In my role as an Atlassian administrator, the organization I worked for didn't do time tracking in Jira. I heard from people in other companies that they thought time tracking and reports were a native feature, because they'd always had it and everyone in their company logged time. Indeed, Tempo has consistently been in the top 3 selling apps on the Marketplace for, well, as long as I can remember. One might make the case that it should be a core part of Jira, but it wouldn't have been useful to the organization I admin'd for.

Nic mentions not de-incentivizing vendors. I'd say this isn't always the case - for example I recall a couple plugins providing canned responses before the actual product introduction of canned responses in Jira Service Desk. The marketplace options still have extended features, but "snippets" are a core part of service desks, so at least the minimum snippet functionality was added to the native product.

On the acquisition side, sometimes there are competing add-ons with similar featuresets. The acquisition of Good Software last year brought "Analytics for Confluence" under the native Atlassian umbrella. Viewtracker is still available on the marketplace, despite those two fulfilling nearly the same role.

I'd like to examine some of your statements on native-adding the features you suggested:

Atlassian could add the missing features to make the product more desirable, cost effective, and stable for customers

  • more desirable - this may be in the eye of the beholder.
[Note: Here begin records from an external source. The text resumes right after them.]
lemma threshold_range:
  assumes "0 < b" "b < a"
  shows "{threshold a b x y | x y. True} = {t. real ((a - b) div gcd a b) * t \<in> \<int>}"
proof -
  define g where "g = gcd a b"
  define m where "m = (a - b) div g"
  have g: "0 < g" using assms by (simp add: g_def)
  have "g dvd a - b" by (simp add: g_def dvd_diff_nat)
  then have diff: "real a - real b = real g * real m"
    using assms by (simp add: m_def of_nat_diff flip: of_nat_mult)
  have "0 < real g * real m" using diff assms by simp
  then have m: "0 < m" by (simp add: zero_less_mult_iff)
  have thr: "threshold a b x y = of_int (int b * int x - int a * int y) / (real g * real m)" for x y
    by (simp add: threshold_def diff)
  have "{threshold a b x y | x y. True}
          = (\<lambda>k. of_int k / (real g * real m)) ` {int b * int x - int a * int y | x y. True}"
    unfolding thr by blast
  also have "\<dots> = (\<lambda>k. of_int k / (real g * real m)) ` {k. int g dvd k}"
    using nat_lincomb_eq_multiples_gcd[of a b] assms by (simp add: g_def)
  also have "\<dots> = {t. real m * t \<in> \<int>}"
  proof (intro set_eqI iffI)
    fix t assume "t \<in> (\<lambda>k. of_int k / (real g * real m)) ` {k. int g dvd k}"
    then obtain l where "t = of_int (int g * l) / (real g * real m)" by auto
    then have "real m * t = of_int l" using g m by simp
    then show "t \<in> {t. real m * t \<in> \<int>}" by simp
  next
    fix t assume "t \<in> {t. real m * t \<in> \<int>}"
    then obtain l where "real m * t = of_int l" by (auto elim: Ints_cases)
    then have "t = of_int (int g * l) / (real g * real m)" using g m by (simp add: field_simps)
    then show "t \<in> (\<lambda>k. of_int k / (real g * real m)) ` {k. int g dvd k}"
      by (intro image_eqI[of _ _ "int g * l"]) auto
  qed
  finally show ?thesis by (simp add: m_def g_def)
qed

lemma image_one_minus_Aset:
  assumes "0 < m"
  shows "(\<lambda>t. 1 - t) ` Aset m = {t. 0 < t \<and> t \<le> 1 \<and> real m * t \<in> \<int>}"
proof -
  have "(\<lambda>t. 1 - t) ` Aset m = {t. 1 - t \<in> Aset m}"
    by (force simp: image_iff)
  moreover have "real m * (1 - t) \<in> \<int> \<longleftrightarrow> real m * t \<in> \<int>" for t
    using Ints_diff[of "real m" "real m * (1 - t)"] Ints_diff[of "real m" "real m * t"]
    by (auto simp: algebra_simps)
  ultimately show ?thesis
    using assms by (auto simp: Aset_iff)
qed

lemma diff_div_gcd_pos:
  fixes a b :: nat
  assumes "0 < b" "b < a"
  shows "0 < (a - b) div gcd a b"
proof -
  have "gcd a b \<le> a - b"
    using assms by (intro dvd_imp_le) (simp_all add: dvd_diff_nat)
  then show ?thesis
    using assms by (simp add: div_greater_zero_iff)
qed

lemma threshold_range_unit_interval:
  assumes "0 < b" "b < a"
  shows "{threshold a b x y | x y. True} \<inter> {0<..1} = (\<lambda>t. 1 - t) ` Aset ((a - b) div gcd a b)"
  unfolding threshold_range[OF assms] image_one_minus_Aset[OF diff_div_gcd_pos[OF assms]] by auto

section \<open>Seat sequences\<close>

lemma card_image_eq_if_same_fibres:
  assumes "\<And>x y. x \<in> A \<Longrightarrow> y \<in> A \<Longrightarrow> f x = f y \<longleftrightarrow> g x = g y"
  shows "card (f ` A) = card (g ` A)"
proof -
  define h where "h z = g (inv_into A f z)" for z
  have h: "h (f x) = g x" if "x \<in> A" for x
  proof -
    have "inv_into A f (f x) \<in> A" "f (inv_into A f (f x)) = f x"
      using that by (auto intro: inv_into_into f_inv_into_f)
    then show ?thesis using assms that by (simp add: h_def)
  qed
  have "bij_betw h (f ` A) (g ` A)"
    unfolding bij_betw_def inj_on_def using h assms by (auto simp: image_image)
  then show ?thesis by (rule bij_betw_same_card)
qed

lemma card_initial_segments:
  fixes T :: "'a::linorder set"
  assumes "finite T" "T \<subseteq> {a<..b}" "a \<le> b"
  shows "card ((\<lambda>c. {t \<in> T. t \<le> c}) ` {a..b}) = Suc (card T)"
proof -
  let ?cut = "\<lambda>c. {t \<in> T. t \<le> c}"
  have "?cut ` {a..b} = insert {} (?cut ` T)"
  proof (intro equalityI subsetI)
    fix S assume "S \<in> ?cut ` {a..b}"
    then obtain c where c: "c \<in> {a..b}" "S = ?cut c" by auto
    show "S \<in> insert {} (?cut ` T)"
    proof (cases "S = {}")
      case False
      have "finite S" using c assms(1) by simp
      then have "Max S \<in> S" using False by simp
      moreover have "S = ?cut (Max S)"
        using c \<open>finite S\<close> \<open>Max S \<in> S\<close> by auto
      ultimately show ?thesis using c by blast
    qed simp
  next
    fix S assume "S \<in> insert {} (?cut ` T)"
    moreover have "?cut a = {}" using assms(2) by force
    ultimately show "S \<in> ?cut ` {a..b}"
      using assms(2,3) by (force intro: image_eqI)
  qed
  moreover have "inj_on ?cut T"
    by (rule inj_onI) (metis (mono_tags, lifting) mem_Collect_eq order_antisym order_refl)
  moreover have "{} \<notin> ?cut ` T" by auto
  ultimately show ?thesis using assms(1) by (simp add: card_image)
qed

lemma divide_less_divide_swap_iff:
  fixes a b u v :: real
  assumes "0 < a" "0 < b" "0 < u" "0 < v"
  shows "a / u < b / v \<longleftrightarrow> v / b < u / a"
  using assms by (simp add: field_simps)

lemma finite_pairs: "finite (pairs n)"
  by (rule finite_subset[of _ "{..<n} \<times> {..<n}"]) (auto simp: pairs_def)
I found as a customer that the robust marketplace offerings met the needs of my organization as they came up. The availability of many apps was actually a selling point for us vs. some other options which weren't as extendable.
  • cost effective - the cost of adding many features currently offered by the marketplace into the core product would increase the costs to develop and maintain the core offering, making the core offering more expensive. I won't go into a diatribe on this, other than making the comparison that a standard car "with all the options" still comes out slightly less expensive than the same company's luxury-badged option.
  • stable - with more features come less maintainability. Things like platform upgrades take longer to work through and test when there's more features to be tested. And in some cases, those features become "good enough" and don't receive any additional development resources. In the case of vendors, they don't make any money unless the add-on works well and people keep subscribing to it. I'd say this is significant incentive to keep the app working well and adding new features when it becomes apparent that users want them. It's surely possible to get an app from a less experienced vendor and have bugs sneak into releases, but that's more on the administrator to weigh which vendor they want to go with for a particular app. Careful selection for stability vs feature speed can be made for even apps on the marketplace.

Whew! I hope that adds some thoughts to the process. Again, these comments are based on my individual opinions as a former admin and not necessarily representative of Atlassian's official viewpoints.